======== Material for this task

lemma lipschitz_on_if_Im_bounded:
  fixes h :: "complex \<Rightarrow> complex"
  assumes hol: "h holomorphic_on {s. 0 < Im s}"
    and bd: "\<And>s. 0 < Im s \<Longrightarrow> 0 \<le> Im (h s) \<and> Im (h s) \<le> K * Im s"
  shows "(2 * (K + 1))-lipschitz_on {s. 0 < Im s} h"
proof (rule lipschitz_onI)
  fix x y assume "x \<in> {s. 0 < Im s}" "y \<in> {s. 0 < Im s}"
  then have "norm (h x - h y) \<le> 2 * (K + 1) * norm (x - y)"
    using hol convex_halfspace_Im_gt[of 0] norm_deriv_le_if_Im_bounded[OF hol bd]
    by (intro field_differentiable_bound[of "{s. 0 < Im s}"])
       (auto intro!: holomorphic_derivI simp: open_halfspace_Im_gt)
  then show "dist (h x) (h y) \<le> 2 * (K + 1) * dist x y"
    by (simp add: dist_norm)
next
  show "0 \<le> 2 * (K + 1)"
    using bd[of \<i>] by simp \<comment> \<open>the hypothesis at s = \<i> forces K \<ge> 0\<close>
qed

lemma Im_eq_0_if_lipschitz_Im_bounded:
  fixes g :: "complex \<Rightarrow> complex"
  assumes lip: "L-lipschitz_on {s. 0 \<le> Im s} g"
    and Im_bd: "\<And>s. 0 < Im s \<Longrightarrow> \<bar>Im (g s)\<bar> \<le> K * Im s"
    and t: "Im t = 0"
  shows "Im (g t) = 0"
proof (rule eq_0_if_abs_le_mult_all_pos[where C = "L + K"])
  fix y :: real assume y: "0 < y"
  define s where "s = t + \<i> * of_real y"
  have s: "0 < Im s" "dist t s = y"
    using t y by (simp_all add: s_def dist_norm norm_mult)
  have "\<bar>Im (g t) - Im (g s)\<bar> \<le> L * y"
    using abs_Im_le_cmod[of "g t - g s"] lipschitz_onD[OF lip, of t s] s t by (simp add: dist_norm)
  then show "\<bar>Im (g t)\<bar> \<le> (L + K) * y"
    using Im_bd[OF s(1)] t by (simp add: s_def algebra_simps abs_le_iff)
qed

lemma affine_if_lipschitz_real_on_axis:
  fixes g :: "complex \<Rightarrow> complex"
  assumes hol: "g holomorphic_on {s. 0 < Im s}"
    and lip: "L-lipschitz_on {s. 0 \<le> Im s} g"
    and real: "\<And>t. Im t = 0 \<Longrightarrow> Im (g t) = 0"
  shows "\<exists>\<alpha> \<beta>. \<forall>s. 0 \<le> Im s \<longrightarrow> g s = \<alpha> + \<beta> * s"
proof -
  define R where "R z = (if 0 \<le> Im z then g z else cnj (g (cnj z)))" for z
  have "R holomorphic_on UNIV"
    unfolding R_def
  proof (rule Schwarz_reflection)
    show "g holomorphic_on UNIV \<inter> {z. 0 < Im z}"
      using hol by simp
    show "continuous_on (UNIV \<inter> {z. 0 \<le> Im z}) g"
      using lipschitz_on_continuous_on[OF lip] by simp
    show "g z \<in> \<real>" if "z \<in> \<real>" for z
      using real[of z] that by (simp add: complex_is_Real_iff)
  qed auto
  moreover have "norm (R z) \<le> (norm (g 0) + L) * norm z ^ 1" if "1 \<le> norm z" for z
  proof -
    obtain w where w: "0 \<le> Im w" "norm w = norm z" "norm (R z) = norm (g w)"
    proof (cases "0 \<le> Im z")
      case True
      then show ?thesis using that[of z] by (simp add: R_def)
    next
      case False
      then show ?thesis using that[of "cnj z"] by (simp add: R_def)
    qed
    have "norm (g w) \<le> norm (g 0) + L * norm w"
      using norm_triangle_sub[of "g w" "g 0"] lipschitz_onD[OF lip, of w 0] w(1)
      by (simp add: dist_norm)
    also have "\<dots> \<le> (norm (g 0) + L) * norm z"
      using w(2) that mult_left_mono[OF that, of "norm (g 0)"] by (simp add: algebra_simps)
    finally show ?thesis
      using w(3) by simp
  qed
  ultimately have "R s = R 0 + deriv R 0 * s" for s
    using Liouville_polynomial[of R 1 "norm (g 0) + L" 1 s] by simp
  then show ?thesis
    by (metis R_def)
qed
lemma LD_plus_lower_nonneg_imp_le:
  fixes W :: "real \<Rightarrow> real"
  assumes "p \<le> q" and cont: "continuous_on {p..q} W"
    and nonneg: "\<And>x. x \<in> {p..<q} \<Longrightarrow> 0 \<le> LD_plus_lower W x (q - x)"
  shows "W p \<le> W q"
proof (rule ccontr)
  assume "\<not> W p \<le> W q"
  with \<open>p \<le> q\<close> have "p < q" by (cases "p = q") auto
  define \<epsilon> where "\<epsilon> = (W p - W q) / (2 * (q - p))"
  define K where "K t = W t + \<epsilon> * t" for t
  have "\<epsilon> > 0"
    using \<open>\<not> W p \<le> W q\<close> \<open>p < q\<close> by (simp add: \<epsilon>_def)
  have "2 * (\<epsilon> * (q - p)) = W p - W q"
    using \<open>p < q\<close> by (simp add: \<epsilon>_def field_simps)
  moreover have "K p - K q = (W p - W q) - \<epsilon> * (q - p)"
    by (simp add: K_def algebra_simps)
  ultimately have "K q < K p"
    using \<open>\<not> W p \<le> W q\<close> by linarith
  have "continuous_on {p..q} K"
    unfolding K_def by (intro continuous_intros cont)
  then obtain x where x: "x \<in> {p..q}" and max: "\<And>t. t \<in> {p..q} \<Longrightarrow> K t \<le> K x"
    using continuous_attains_sup[OF compact_Icc _ \<open>continuous_on {p..q} K\<close>] \<open>p < q\<close> by auto
  have "x \<noteq> q"
    using max[of p] \<open>K q < K p\<close> \<open>p < q\<close> by force
  define \<eta> where "\<eta> = q - x"
  have "\<eta> > 0" "x \<in> {p..<q}"
    using x \<open>x \<noteq> q\<close> by (auto simp: \<eta>_def)
  have cont_x: "continuous_on {x..x + \<eta>} W"
    using cont by (rule continuous_on_subset) (use x in \<open>auto simp: \<eta>_def\<close>)
  have "laplace_quot W x \<eta> s \<le> - \<epsilon> * (1 - exp (- s * \<eta>) * (1 + s * \<eta>))" if "s > 0" for s
  proof -
    have "laplace_quot W x \<eta> s \<le> laplace_quot (\<lambda>t. - \<epsilon> * t) x \<eta> s"
    proof (rule laplace_quot_mono[OF cont_x])
      fix t assume "t \<in> {0..\<eta>}"
      then have "K (x + t) \<le> K x"
        using x by (intro max) (auto simp: \<eta>_def)
      then show "W (x + t) - W x \<le> - \<epsilon> * (x + t) - - \<epsilon> * x"
        by (simp add: K_def algebra_simps)
    qed (intro continuous_intros)
    also have "\<dots> = - \<epsilon> * (1 - exp (- s * \<eta>) * (1 + s * \<eta>))"
      using that \<open>\<eta> > 0\<close> by (intro laplace_quot_linear) auto
    finally show ?thesis .
  qed
  then have "LD_plus_lower W x \<eta> \<le> Liminf at_top (\<lambda>s. ereal (- \<epsilon> * (1 - exp (- s * \<eta>) * (1 + s * \<eta>))))"
    unfolding LD_plus_lower_laplace_quot
    by (intro Liminf_mono eventually_mono[OF eventually_gt_at_top[of 0]]) simp
  also have "\<dots> = ereal (- \<epsilon>)"
  proof (intro lim_imp_Liminf tendsto_ereal)
    show "((\<lambda>s. - \<epsilon> * (1 - exp (- s * \<eta>) * (1 + s * \<eta>))) \<longlongrightarrow> - \<epsilon>) at_top"
      using \<open>\<eta> > 0\<close> by real_asymp
  qed simp
  finally have "LD_plus_lower W x \<eta> \<le> ereal (- \<epsilon>)" .
  moreover have "0 \<le> LD_plus_lower W x \<eta>"
    using nonneg[OF \<open>x \<in> {p..<q}\<close>] by (simp add: \<eta>_def)
  ultimately have "0 \<le> ereal (- \<epsilon>)"
    by (rule order_trans[rotated])
  with \<open>\<epsilon> > 0\<close> show False by simp
qed

lemma major_fun_LD_plus_lower:
  assumes "major_fun f a b U" "y \<in> {a..<b}"
  shows "ereal (f y) \<le> LD_plus_lower U y (b - y)"
  using assms unfolding major_fun_def LD_lower_def by (auto split: if_splits)

lemma minor_fun_LD_plus_upper:
  assumes "minor_fun f a b V" "y \<in> {a..<b}"
  shows "LD_plus_upper V y (b - y) \<le> ereal (f y)"
  using assms unfolding minor_fun_def LD_upper_def by (auto split: if_splits)

lemma major_minus_minor_mono:
  assumes U: "major_fun f a c U" and V: "minor_fun f a b V"
    and "c \<le> b" "a \<le> p" "p \<le> q" "q \<le> c"
  shows "U p - V p \<le> U q - V q"
proof -
  have cU: "continuous_on {a..c} U" and cV: "continuous_on {a..b} V"
    using U V by (simp_all add: major_fun_def minor_fun_def)
  show ?thesis
  proof (rule LD_plus_lower_nonneg_imp_le[where W = "\<lambda>t. U t - V t"])
    have "continuous_on {p..q} U"
      by (rule continuous_on_subset[OF cU]) (use assms in auto)
    moreover have "continuous_on {p..q} V"
      by (rule continuous_on_subset[OF cV]) (use assms in auto)
    ultimately show "continuous_on {p..q} (\<lambda>t. U t - V t)"
      by (intro continuous_intros)
    fix y assume y: "y \<in> {p..<q}"
    have cUy: "continuous_on {y..y + (c - y)} U"
      by (rule continuous_on_subset[OF cU]) (use y assms in auto)
    have cVy: "continuous_on {y..y + (b - y)} V"
      by (rule continuous_on_subset[OF cV]) (use y assms in auto)
    have "LD_plus_lower U y (q - y) = LD_plus_lower U y (c - y)"
      by (rule LD_plus_lower_delta_indep[OF _ _ cUy]) (use y assms in auto)
    moreover have "ereal (f y) \<le> LD_plus_lower U y (c - y)"
      by (rule major_fun_LD_plus_lower[OF U]) (use y assms in auto)
    moreover have "LD_plus_upper V y (q - y) = LD_plus_upper V y (b - y)"
      by (rule LD_plus_upper_delta_indep[OF _ _ cVy]) (use y assms in auto)
    moreover have "LD_plus_upper V y (b - y) \<le> ereal (f y)"
      by (rule minor_fun_LD_plus_upper[OF V]) (use y assms in auto)
    moreover have "continuous_on {y..y + (q - y)} U"
      by (rule continuous_on_subset[OF cUy]) (use y assms in auto)
    moreover have "continuous_on {y..y + (q - y)} V"
      by (rule continuous_on_subset[OF cVy]) (use y assms in auto)
    ultimately show "0 \<le> LD_plus_lower (\<lambda>t. U t - V t) y (q - y)"
      using LD_plus_lower_diff[of y "q - y" U V "f y" "f y"] by (simp add: zero_ereal_def)
  qed (use assms in simp)
qed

================

◆ **Task goal**
Only an exact copy of the lines from the beginning of the listing through the line with "s)\<bar> \<le> L", both included, belongs in the answer.

◆ **Response area**
lemma lipschitz_on_if_Im_bounded:
  fixes h :: "complex \<Rightarrow> complex"
  assumes hol: "h holomorphic_on {s. 0 < Im s}"
    and bd: "\<And>s. 0 < Im s \<Longrightarrow> 0 \<le> Im (h s) \<and> Im (h s) \<le> K * Im s"
  shows "(2 * (K + 1))-lipschitz_on {s. 0 < Im s} h"
proof (rule lipschitz_onI)
  fix x y assume "x \<in> {s. 0 < Im s}" "y \<in> {s. 0 < Im s}"
  then have "norm (h x - h y) \<le> 2 * (K + 1) * norm (x - y)"
    using hol convex_halfspace_Im_gt[of 0] norm_deriv_le_if_Im_bounded[OF hol bd]
    by (intro field_differentiable_bound[of "{s. 0 < Im s}"])
       (auto intro!: holomorphic_derivI simp: open_halfspace_Im_gt)
  then show "dist (h x) (h y) \<le> 2 * (K + 1) * dist x y"
    by (simp add: dist_norm)
next
  show "0 \<le> 2 * (K + 1)"
    using bd[of \<i>] by simp \<comment> \<open>the hypothesis at s = \<i> forces K \<ge> 0\<close>
qed

lemma Im_eq_0_if_lipschitz_Im_bounded:
  fixes g :: "complex \<Rightarrow> complex"
  assumes lip: "L-lipschitz_on {s. 0 \<le> Im s} g"
    and Im_bd: "\<And>s. 0 < Im s \<Longrightarrow> \<bar>Im (g s)\<bar> \<le> K * Im s"
    and t: "Im t = 0"
  shows "Im (g t) = 0"
proof (rule eq_0_if_abs_le_mult_all_pos[where C = "L + K"])
  fix y :: real assume y: "0 < y"
  define s where "s = t + \<i> * of_real y"
  have s: "0 < Im s" "dist t s = y"
    using t y by (simp_all add: s_def dist_norm norm_mult)
  have "\<bar>Im (g t) - Im (g s)\<bar> \<le> L * y"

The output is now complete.